Self-employed mileage
Self-employed sole traders and partners have two options for claiming business mileage:
Option 1: Simplified expenses (AMAP rates)
Apply the same 45p/25p AMAP rates (and 24p motorbike / 20p bicycle). This is the "simplified expenses" method. It is simple, requires only a mileage log, and no calculation of actual vehicle costs. Once you choose this method for a vehicle, you must use it for the life of that vehicle in your business.
Option 2: Actual costs
Claim the actual proportion of vehicle running costs (fuel, insurance, servicing, MOT, road tax, depreciation/capital allowances) that relate to business use. Requires detailed records of all vehicle costs and a log to calculate the business use percentage. More complex but potentially more beneficial for high-mileage, high-cost vehicles.
You cannot use both methods for the same vehicle. Limited companies cannot use the simplified AMAP rates for company-owned vehicles -- the actual cost method (with capital allowances) must be used.
Advisory Fuel Rates (AFR) -- not the same as AMAP
There is frequent confusion between AMAP and HMRC's Advisory Fuel Rates (AFR). They are different:
- AMAP applies to employees using their own vehicle. It covers the total cost of motoring.
- AFR applies to company car drivers claiming the fuel-only cost of business travel (where the employer provides the car but wants to reimburse fuel). AFR rates change quarterly and depend on engine size and fuel type.

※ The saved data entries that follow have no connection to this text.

theorem lemma5p8:
  fixes r :: real
  assumes "-2 \<le> r" and "r \<le> 0"
  shows "\<not> critical_rate r"
proof
  assume "critical_rate r"
  then obtain \<alpha> :: "real^4 \<Rightarrow> real^4" where
    sm: "\<forall>i. smooth_on (UNIV - {0}) (\<lambda>y. \<alpha> y $ i)" and
    odd: "\<forall>y. y \<noteq> 0 \<longrightarrow> \<alpha> (- y) = - \<alpha> y" and
    hom: "\<forall>t y. t > 0 \<longrightarrow> y \<noteq> 0 \<longrightarrow> \<alpha> (t *\<^sub>R y) = (t powr r) *\<^sub>R \<alpha> y" and
    div: "\<forall>y. y \<noteq> 0 \<longrightarrow> (\<Sum>i\<in>UNIV. pd i (\<lambda>z. \<alpha> z $ i) y) = 0" and
    asd: "\<forall>y. y \<noteq> 0 \<longrightarrow>
        dcoef \<alpha> 1 2 y + dcoef \<alpha> 3 4 y = 0 \<and>
        dcoef \<alpha> 1 3 y + dcoef \<alpha> 4 2 y = 0 \<and>
        dcoef \<alpha> 1 4 y + dcoef \<alpha> 2 3 y = 0" and
    nonzero: "\<exists>y. y \<noteq> 0 \<and> \<alpha> y \<noteq> 0"
    unfolding critical_rate_def by blast
  have "\<alpha> y $ j = 0" if "y \<noteq> 0" for y j
    by (rule homogeneous_harmonic_odd_eq_0[OF assms])
      (use sm odd hom that coclosed_anti_self_dual_component_harmonic[OF sm div asd]
        in \<open>auto simp: homogeneous_def\<close>)
  then show False using nonzero by (auto simp: vec_eq_iff)
qed

end
lemma in_Mset_if_entries_between:
  fixes K :: "'x::finite \<Rightarrow> 'y::finite \<Rightarrow> real"
  assumes "stochastic K" and "0 < c"
    and lower: "\<And>x y. a \<le> K x y" and upper: "\<And>x y. K x y \<le> b"
    and "\<And>y. b \<le> exp \<epsilon> * (a * (1 - real CARD('x) * c) + c * (\<Sum>x\<in>UNIV. K x y))"
  shows "K \<in> Mset \<epsilon> c"
proof -
  have "K x y \<le> exp \<epsilon> * push K P y" if "P \<in> Qset c" for P x y
  proof -
    have "K x y \<le> exp \<epsilon> * (a * (1 - real CARD('x) * c) + c * (\<Sum>x\<in>UNIV. K x y))"
      using upper assms(5) by (rule order_trans)
    also have "\<dots> \<le> exp \<epsilon> * push K P y"
      using push_ge_of_Qset[of P c a K y, OF that lower] by simp
    finally show ?thesis .
  qed
  moreover have "\<And>x y. 0 \<le> K x y" using assms(1) by (simp add: stochastic_def)
  ultimately show ?thesis
    using assms(1,2) by (simp add: Mset_def Ccap_Qset_le_iff)
qed

definition extremal_kernel :: "real \<Rightarrow> 'x \<Rightarrow> 'x \<Rightarrow> 'x \<Rightarrow> bool \<Rightarrow> real" where
  "extremal_kernel D x0 x1 x y =
     1 / 2 + (if y then 1 else - 1) * ((if x = x1 then D / 2 else 0) - (if x = x0 then D / 2 else 0))"

lemma extremal_kernel_bounds:
  assumes "0 \<le> D"
  shows "(1 - D) / 2 \<le> extremal_kernel D x0 x1 x y" and "extremal_kernel D x0 x1 x y \<le> (1 + D) / 2"
  using assms by (auto simp: extremal_kernel_def)

lemma stochastic_extremal_kernel:
  assumes "0 \<le> D" and "D \<le> 1"
  shows "stochastic (extremal_kernel D x0 (x1::'x::finite))"
  using assms by (simp add: stochastic_bool_iff extremal_kernel_def)

lemma sum_extremal_kernel:
  fixes x0 x1 :: "'x::finite"
  shows "(\<Sum>x\<in>UNIV. extremal_kernel D x0 x1 x y) = real CARD('x) / 2"
  by (simp add: extremal_kernel_def sum.distrib sum_subtractf flip: sum_distrib_left)

lemma TV_extremal_kernel:
  assumes "x0 \<noteq> x1" and "0 \<le> D"
  shows "TV (extremal_kernel D x0 x1 x1) (extremal_kernel D x0 x1 x0) = D"
  using assms by (simp add: TV_def sum_UNIV_bool extremal_kernel_def)

lemma M1_attains_eta_TV_bound:
  assumes "2 \<le> CARD('x::finite)" and "0 < c" and "real CARD('x) * c \<le> 1"
    and "0 \<le> \<epsilon>" and "\<epsilon> < ln (2 / (real CARD('x) * c))"
  obtains W :: "'x::finite \<Rightarrow> bool \<Rightarrow> real"
  where "W \<in> M1 \<epsilon> c" and "eta_TV_bound \<epsilon> c (real CARD('x)) \<le> eta_TV W"
proof -
  let ?N = "real CARD('x)"
  define D where "D = eta_TV_bound \<epsilon> c ?N"
  have "0 \<le> D" using assms(3,4) by (simp add: D_def eta_TV_bound_nonneg)
  have "D < 1" using assms(2,3,5) by (simp add: D_def eta_TV_bound_less_1)
  obtain x0 x1 :: 'x where "x0 \<noteq> x1" using CARD_ge_2_ex_distinct[OF assms(1)] by blast
  define W where "W = extremal_kernel D x0 x1"
  note bounds = extremal_kernel_bounds[OF \<open>0 \<le> D\<close>, of x0 x1, folded W_def]
  have st: "stochastic W"
    unfolding W_def using \<open>0 \<le> D\<close> \<open>D < 1\<close> by (simp add: stochastic_extremal_kernel)
  have tight: "(1 + D) / 2 = exp \<epsilon> * ((1 - D) / 2 * (1 - ?N * c) + c * (?N / 2))"
    using eta_TV_bound_mult_eq[OF assms(3), of \<epsilon>] unfolding D_def[symmetric]
    by (simp add: field_simps)
  have "W \<in> Mset \<epsilon> c"
    by (rule in_Mset_if_entries_between[OF st assms(2) bounds])
      (simp only: W_def sum_extremal_kernel tight[symmetric] order_refl)
  moreover have "0 < W x y" for x y
    using \<open>D < 1\<close> by (intro less_le_trans[OF _ bounds(1)]) simp
  ultimately have "W \<in> M1 \<epsilon> c"
    using st by (simp add: M1_def T1_def S2_def)
  moreover have "D \<le> eta_TV W"
    using TV_le_eta_TV[of x1 x0 W] TV_extremal_kernel[OF \<open>x0 \<noteq> x1\<close> \<open>0 \<le> D\<close>] \<open>x0 \<noteq> x1\<close>
    by (simp add: W_def)
  ultimately show ?thesis using that D_def by blast
qed

theorem theorem3:
  fixes c \<epsilon> :: real
  assumes "CARD('x::finite) \<ge> 2"
    and "0 < c" and "c \<le> 1 / real CARD('x)"
    and "0 \<le> \<epsilon>" and "\<epsilon> < ln (2 / (real CARD('x) * c))"
  shows "(SUP K\<in>(M1 \<epsilon> c :: ('x \<Rightarrow> bool \<Rightarrow> real) set). eta_TV K)
           = (exp \<epsilon> - 1) / (exp \<epsilon> * (1 - real CARD('x) * c) + 1)
         \<and> ((M2 \<epsilon> c :: ('x \<Rightarrow> bool \<Rightarrow> real) set) \<noteq> {} \<longrightarrow>
           (SUP K\<in>(M2 \<epsilon> c :: ('x \<Rightarrow> bool \<Rightarrow> real) set). eta_TV K)
             \<le> (SUP K\<in>(M1 \<epsilon> c :: ('x \<Rightarrow> bool \<Rightarrow> real) set). eta_TV K))
         \<and> (M0 \<epsilon> c :: ('x \<Rightarrow> bool \<Rightarrow> real) set) = {}"
proof -
  let ?D = "eta_TV_bound \<epsilon> c (real CARD('x))"
  have Nc: "real CARD('x) * c \<le> 1" using assms(3) by (simp add: field_simps)
  have Mset_le: "eta_TV K \<le> ?D" if "K \<in> Mset \<epsilon> c" for K :: "'x \<Rightarrow> bool \<Rightarrow> real"
    using assms(1) Mset_TV_le[OF that assms(2) Nc] by (rule eta_TV_le)
  obtain W :: "'x \<Rightarrow> bool \<Rightarrow> real" where W: "W \<in> M1 \<epsilon> c" "?D \<le> eta_TV W"
    using M1_attains_eta_TV_bound[OF assms(1,2) Nc assms(4,5)] .
  have "eta_TV W = ?D" using W Mset_le[of W] by (simp add: M1_def)
  then have "?D \<in> eta_TV ` (M1 \<epsilon> c :: ('x \<Rightarrow> bool \<Rightarrow> real) set)"
    using W(1) by (metis image_eqI)
  then have M1: "(SUP K\<in>(M1 \<epsilon> c :: ('x \<Rightarrow> bool \<Rightarrow> real) set). eta_TV K) = ?D"
    using Mset_le by (intro cSup_eq_maximum) (auto simp: M1_def)
  have "(SUP K\<in>(M2 \<epsilon> c :: ('x \<Rightarrow> bool \<Rightarrow> real) set). eta_TV K) \<le> ?D"
    if "(M2 \<epsilon> c :: ('x \<Rightarrow> bool \<Rightarrow> real) set) \<noteq> {}"
    using that Mset_le by (auto simp: M2_def intro!: cSUP_least)
  then show ?thesis
    using M1 M0_eq_empty[OF assms(2) Nc assms(5)] by (simp add: eta_TV_bound_def)
qed

end
(* Let $p_0,p_1,p_2$ be positive integers with $\gcd(p_0,p_1,p_2)=1$, and put $n=p_0+p_1+p_2$. Let $E=(\mathbb{Z}/n\mathbb{Z})\times\{0,1,2\}$ (a set of $3n$ elements) and define permutations $\sigma_0,\sigma_1$ of $E$ by $$\sigma_0(m,0)=(m,1),\quad \sigma_0(m,1)=(m,2),\quad \sigma_0(m,2)=(m,0),$$ $$\sigma_1(m,0)=(m-p_1,2),\quad \sigma_1(m,1)=(m-p_2,0),\quad \sigma_1(m,2)=(m-p_0,1),$$ with arithmetic in the first coordinate taken modulo $n$. Let $G=\langle\sigma_0,\sigma_1\rangle$ (the monodromy group of the dessin $D(p_0,p_1,p_2)$ on the billiards surface of the triangle with angles $p_0\pi/n,p_1\pi/n,p_2\pi/n$), $N=\langle\sigma_0\sigma_1,\sigma_1\sigma_0\rangle$ and $H=\langle\sigma_0\rangle$. Then $G=N\rtimes H$ (internal semidirect product, with $N$ normal). Furthermore, if $\alpha=\gcd(n,\,p_0p_1-p_2^2)$, then $$G\cong (C_n\times C_{n/\alpha})\rtimes C_3,$$ where $C_k$ denotes the cyclic group of order $k$.
   Context: The dessin $D(p_0,p_1,p_2)$ is the bicolored graph on the rational billiards surface of the triangle with angles $(p_0\pi/n,p_1\pi/n,p_2\pi/n)$, with a black vertex in each of the $n$ copies of the triangle having the original orientation, a white vertex in each of the $n$ reflected copies, and an edge for each pair of adjacent triangles. Edges are labeled $(m,i)$, where $m$ indexes the black vertex (the copy rotated by $2m\pi/n$) and $i$ indicates the side $s_i$ (opposite the angle $p_i\pi/n$) through which the edge passes; the monodromy permutations $\sigma_0,\sigma_1$ (counterclockwise rotation of edges around black, resp. white, vertices) act on the edges by the formulas given in the claim. Products of permutations are composed as functions, $(\sigma_0\sigma_1)(e)=\sigma_0(\sigma_1(e))$. *)

theory Defs
  imports "HOL-Algebra.Algebra"
begin

definition dessin_edges :: "nat \<Rightarrow> (int \<times> int) set" where
  "dessin_edges n = {0..<int n} \<times> {0..<3}"

text \<open>sigma_0: rotation around black vertices (extensional, as required by BijGroup).\<close>
definition dessin_sigma0 :: "nat \<Rightarrow> (int \<times> int \<Rightarrow> int \<times> int)" where
  "dessin_sigma0 n = restrict (\<lambda>(m, i). (m, (i + 1) mod 3)) (dessin_edges n)"
text \<open>Vertices of a plane tree, addressed by paths from the root
  (list of child indices); the parent of vertex p@[i] is p.\<close>
function positions :: "ptree \<Rightarrow> nat list set" where
  "positions (Node ts) = insert [] (\<Union>i<length ts. (Cons i) ` positions (ts ! i))"
  by pat_completeness auto
termination
  by (relation "measure size") (auto intro!: size_list_estimation' nth_mem simp: less_Suc_eq_le)

definition num_vertices :: "ptree \<Rightarrow> nat" where
  "num_vertices T = card (positions T)"

text \<open>A coloring matrix of size m is A :: nat \<Rightarrow> nat \<Rightarrow> nat with entries in {0,1}
  on the index range {..<m}.\<close>
definition is_coloring :: "(nat \<Rightarrow> nat \<Rightarrow> nat) \<Rightarrow> nat \<Rightarrow> ptree \<Rightarrow> (nat list \<Rightarrow> nat) \<Rightarrow> bool" where
  "is_coloring A m T c \<longleftrightarrow>
     c \<in> extensional (positions T) \<and>
     (\<forall>p\<in>positions T. c p < m) \<and>
     (\<forall>p i. p @ [i] \<in> positions T \<longrightarrow> A (c p) (c (p @ [i])) = 1)"

definition t_count :: "(nat \<Rightarrow> nat \<Rightarrow> nat) \<Rightarrow> nat \<Rightarrow> nat \<Rightarrow> nat" where
  "t_count A m n = card {(T, c). num_vertices T = n \<and> is_coloring A m T c}"

definition F_gen :: "(nat \<Rightarrow> nat \<Rightarrow> nat) \<Rightarrow> nat \<Rightarrow> real fps" where
  "F_gen A m = Abs_fps (\<lambda>n. if n = 0 then 0 else of_nat (t_count A m n))"
(* Let $R$ be a commutative ring with unit, $Q=(V,E,X,s,t,l)$ a labelled quiver, and let $f,g,h\in R\langle X\rangle$ be such that $f$ is compatible with $Q$, $g$ is uniformly compatible with $Q$, and $h$ can be obtained from $f$ by a rewriting step using $g$, i.e. $h=f+\lambda agb$ for some $\lambda\in R$ and $a,b\in\langle X\rangle$ with $a m_g b = m_f$ for some $m_g\in\operatorname{supp}(g)$, $m_f\in\operatorname{supp}(f)$. Then $h$ is compatible, $a$, $b$ and $agb$ are uniformly compatible with $Q$, and $\sigma(h)\supseteq\sigma(f)$ and $\sigma(agb)\supseteq\sigma(f)$. Moreover, if in addition $f$ is uniformly compatible, then $h$ is uniformly compatible and $\sigma(agb)=\sigma(f)$.
   Context: $R\langle X\rangle$ is the free algebra of noncommutative polynomials over $R$ in indeterminates $X$, with monomials the words in $\langle X\rangle$ (including the empty word $1$); $\operatorname{supp}(f)$ is the set of monomials with nonzero coefficient. A rewriting step: for $f,g$ such that some $m_g\in\operatorname{supp}(g)$ divides some $m_f\in\operatorname{supp}(f)$, i.e. $m_f=am_gb$ with $a,b\in\langle X\rangle$, and $\lambda\in R$, the polynomial $f+\lambda agb$ is obtained from $f$ by a rewriting step using $g$. A labelled quiver $Q=(V,E,X,s,t,l)$ has vertices $V$, edges $E$, source/target maps $s,t:E\to V$ and labelling $l:E\to X$. A nonempty path $p=e_n\cdots e_1$ (with $s(e_{i+1})=t(e_i)$) has label $l(e_n)\cdots l(e_1)$, source $s(e_1)$, target $t(e_n)$; each vertex $v$ has an empty path with label $1$ and source and target $v$. For a monomial $m$, $\sigma(m)=\{(s(p),t(p)) : p \text{ a path with } l(p)=m\}$; for a polynomial $f$, $\sigma(f)=\bigcap_{m\in\operatorname{supp}(f)}\sigma(m)$. $f$ is compatible with $Q$ if $\sigma(f)\neq\emptyset$, and uniformly compatible if it is compatible and all $m\in\operatorname{supp}(f)$ have the same set $\sigma(m)$. *)

theory Defs
  imports Main
begin

text \<open>Noncommutative polynomials over a commutative ring 'r in indeterminates of type 'x
  are represented as finitely supported functions from words ('x list, the empty list being
  the empty word 1) to coefficients.\<close>

definition supp :: "('x list \<Rightarrow> 'r::zero) \<Rightarrow> 'x list set" where
  "supp f = {m. f m \<noteq> 0}"

definition ncpoly :: "('x list \<Rightarrow> 'r::zero) \<Rightarrow> bool" where
  "ncpoly f \<longleftrightarrow> finite (supp f)"

definition monom_poly :: "'x list \<Rightarrow> 'x list \<Rightarrow> 'r::{zero,one}" where
  "monom_poly m = (\<lambda>w. if w = m then 1 else 0)"

definition lrmul :: "'x list \<Rightarrow> ('x list \<Rightarrow> 'r::comm_ring_1) \<Rightarrow> 'x list \<Rightarrow> 'x list \<Rightarrow> 'r" where
  "lrmul a g b = (\<lambda>w. \<Sum>v\<in>supp g. if a @ v @ b = w then g v else 0)"

text \<open>Labelled quiver (V,E,X,s,t,l): vertices V, edges E, s,t : E \<rightarrow> V, labels l : E \<rightarrow> X
  (X is the type 'x).\<close>
definition quiver :: "'v set \<Rightarrow> 'e set \<Rightarrow> ('e \<Rightarrow> 'v) \<Rightarrow> ('e \<Rightarrow> 'v) \<Rightarrow> bool" where
  "quiver V E s t \<longleftrightarrow> (\<forall>e\<in>E. s e \<in> V \<and> t e \<in> V)"

text \<open>A nonempty path e_n \<cdots> e_1 is the list [e_n, ..., e_1]; consecutive condition
  s(e_{i+1}) = t(e_i). Its label is map l p, source s(e_1) = s (last p), target t(e_n) = t (hd p).\<close>
definition ne_path :: "'e set \<Rightarrow> ('e \<Rightarrow> 'v) \<Rightarrow> ('e \<Rightarrow> 'v) \<Rightarrow> 'e list \<Rightarrow> bool" where
  "ne_path E s t p \<longleftrightarrow> p \<noteq> [] \<and> set p \<subseteq> E \<and>
     (\<forall>i. Suc i < length p \<longrightarrow> s (p ! i) = t (p ! Suc i))"

definition sigma_mon :: "'v set \<Rightarrow> 'e set \<Rightarrow> ('e \<Rightarrow> 'v) \<Rightarrow> ('e \<Rightarrow> 'v) \<Rightarrow> ('e \<Rightarrow> 'x)
    \<Rightarrow> 'x list \<Rightarrow> ('v \<times> 'v) set" where
  "sigma_mon V E s t l m =
     {(v, v) | v. v \<in> V \<and> m = []} \<union>
     {(s (last p), t (hd p)) | p. ne_path E s t p \<and> map l p = m}"

definition sigma_poly :: "'v set \<Rightarrow> 'e set \<Rightarrow> ('e \<Rightarrow> 'v) \<Rightarrow> ('e \<Rightarrow> 'v) \<Rightarrow> ('e \<Rightarrow> 'x)
    \<Rightarrow> ('x list \<Rightarrow> 'r::zero) \<Rightarrow> ('v \<times> 'v) set" where
  "sigma_poly V E s t l f = (\<Inter>m\<in>supp f. sigma_mon V E s t l m)"

definition compatible where
  "compatible V E s t l f \<longleftrightarrow> sigma_poly V E s t l f \<noteq> {}"

definition unif_compatible where
  "unif_compatible V E s t l f \<longleftrightarrow> compatible V E s t l f \<and>
     (\<forall>m\<in>supp f. \<forall>m'\<in>supp f. sigma_mon V E s t l m = sigma_mon V E s t l m')"

end

(* Under \<sigma>, concatenation of words becomes composition of relations:
   \<sigma>(m1 m2) = \<sigma>(m2) O \<sigma>(m1). Hence every monomial a v b of agb, v \<in> supp g, has
   \<sigma>(a v b) = \<sigma>(a mg b) = \<sigma>(mf), because g is uniformly compatible; and \<sigma>(mf) contains
   \<sigma>(f), which is nonempty, so \<sigma>(a) and \<sigma>(b) are nonempty as well. Since
   supp h \<subseteq> supp f \<union> supp (agb), we get \<sigma>(h) \<supseteq> \<sigma>(f) \<inter> \<sigma>(agb) = \<sigma>(f); if f is also
   uniform, all monomials of h have the same \<sigma> = \<sigma>(mf) = \<sigma>(f). *)
theory Submission
  imports Defs
begin

lemma successively_iff_nth:
  "successively P xs \<longleftrightarrow> (\<forall>i. Suc i < length xs \<longrightarrow> P (xs ! i) (xs ! Suc i))"
  by (induction P xs rule: successively.induct) (auto simp: nth_Cons split: nat.split)

lemma ne_path_iff_successively:
  "ne_path E s t p \<longleftrightarrow> p \<noteq> [] \<and> set p \<subseteq> E \<and> successively (\<lambda>e e'. s e = t e') p"
  by (simp add: ne_path_def successively_iff_nth)

lemma ne_path_append_iff:
  assumes "p \<noteq> []" "q \<noteq> []"
  shows "ne_path E s t (p @ q) \<longleftrightarrow>
    ne_path E s t p \<and> ne_path E s t q \<and> s (last p) = t (hd q)"
  using assms by (auto simp: ne_path_iff_successively successively_append_iff)

lemma sigma_mon_Nil: "sigma_mon V E s t l [] = Id_on V"
  by (auto simp: sigma_mon_def ne_path_def)

lemma sigma_mon_nonempty:
  "m \<noteq> [] \<Longrightarrow>
    sigma_mon V E s t l m = {(s (last p), t (hd p)) | p. ne_path E s t p \<and> map l p = m}"
  by (auto simp: sigma_mon_def)

lemma sigma_mon_subset_vertices:
  assumes "quiver V E s t"
  shows "sigma_mon V E s t l m \<subseteq> V \<times> V"
  using assms by (force simp: sigma_mon_def quiver_def ne_path_def)

text \<open>Paths are written right to left, so a path labelled m1 m2 first follows m2 and then m1.\<close>
lemma sigma_mon_append:
  assumes "quiver V E s t"
  shows "sigma_mon V E s t l (m1 @ m2) = sigma_mon V E s t l m2 O sigma_mon V E s t l m1"
proof (cases "m1 = [] \<or> m2 = []")
  case True
  then show ?thesis
    using sigma_mon_subset_vertices[OF assms, of l] by (auto simp: sigma_mon_Nil) blast+
next
  case False
  then have ne: "m1 \<noteq> []" "m2 \<noteq> []" by auto
  show ?thesis
  proof (intro set_eqI iffI)
    fix xz assume "xz \<in> sigma_mon V E s t l (m1 @ m2)"
    then obtain p where p: "ne_path E s t p" "map l p = m1 @ m2" "xz = (s (last p), t (hd p))"
      using ne by (auto simp: sigma_mon_nonempty)
    then obtain p1 p2 where p12: "p = p1 @ p2" "map l p1 = m1" "map l p2 = m2"
      by (auto simp: map_eq_append_conv)
    with ne have "p1 \<noteq> []" "p2 \<noteq> []" by auto
    with p p12 show "xz \<in> sigma_mon V E s t l m2 O sigma_mon V E s t l m1"
      using ne by (force simp: sigma_mon_nonempty ne_path_append_iff)
  next
    fix xz assume "xz \<in> sigma_mon V E s t l m2 O sigma_mon V E s t l m1"
    then obtain x y z where xz: "xz = (x, z)"
      and "(x, y) \<in> sigma_mon V E s t l m2" "(y, z) \<in> sigma_mon V E s t l m1"
      by blast
    then obtain p1 p2 where
      p1: "ne_path E s t p1" "map l p1 = m1" and p2: "ne_path E s t p2" "map l p2 = m2"
      and join: "s (last p1) = t (hd p2)" and xz: "xz = (s (last p2), t (hd p1))"
      using ne by (auto simp: sigma_mon_nonempty)
    have "p1 \<noteq> []" "p2 \<noteq> []"
      using p1 p2 by (auto simp: ne_path_def)
    moreover have "ne_path E s t (p1 @ p2)"
      using p1 p2 join calculation by (simp add: ne_path_append_iff)
    ultimately show "xz \<in> sigma_mon V E s t l (m1 @ m2)"
      using p1 p2 xz ne by (auto simp: sigma_mon_nonempty intro!: exI[of _ "p1 @ p2"])
  qed
qed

AFR rates are typically much lower than AMAP because they cover only the fuel element, not total vehicle costs. A company car driver cannot use AMAP rates -- they use AFR.
Sources
Frequently asked questions
What are the AMAP rates for 2026?
The Approved Mileage Allowance Payment (AMAP) rates for 2026 are: cars and vans 45p per mile for the first 10,000 business miles in the tax year, then 25p per mile above 10,000 miles. Motorcycles 24p per mile throughout. Bicycles 20p per mile throughout. These rates have been unchanged since 2011.
How do I claim mileage relief if my employer pays less than the AMAP rate?
If your employer pays you less than the AMAP rate (or nothing at all), you can claim Mileage Allowance Relief (MAR) for the difference. Employees earning under £100,000 with expenses under £2,500 use form P87 online. Those with higher claims or already filing Self Assessment include it on the SA100. You can back-claim for up to 4 tax years.
Do I need a mileage log to claim AMAP?
Yes. HMRC requires contemporaneous records to support a mileage claim. Your log should record for each journey: the date, start and end locations, business purpose, and miles travelled. A spreadsheet or mileage tracking app is acceptable. HMRC can reject claims without adequate records during an enquiry.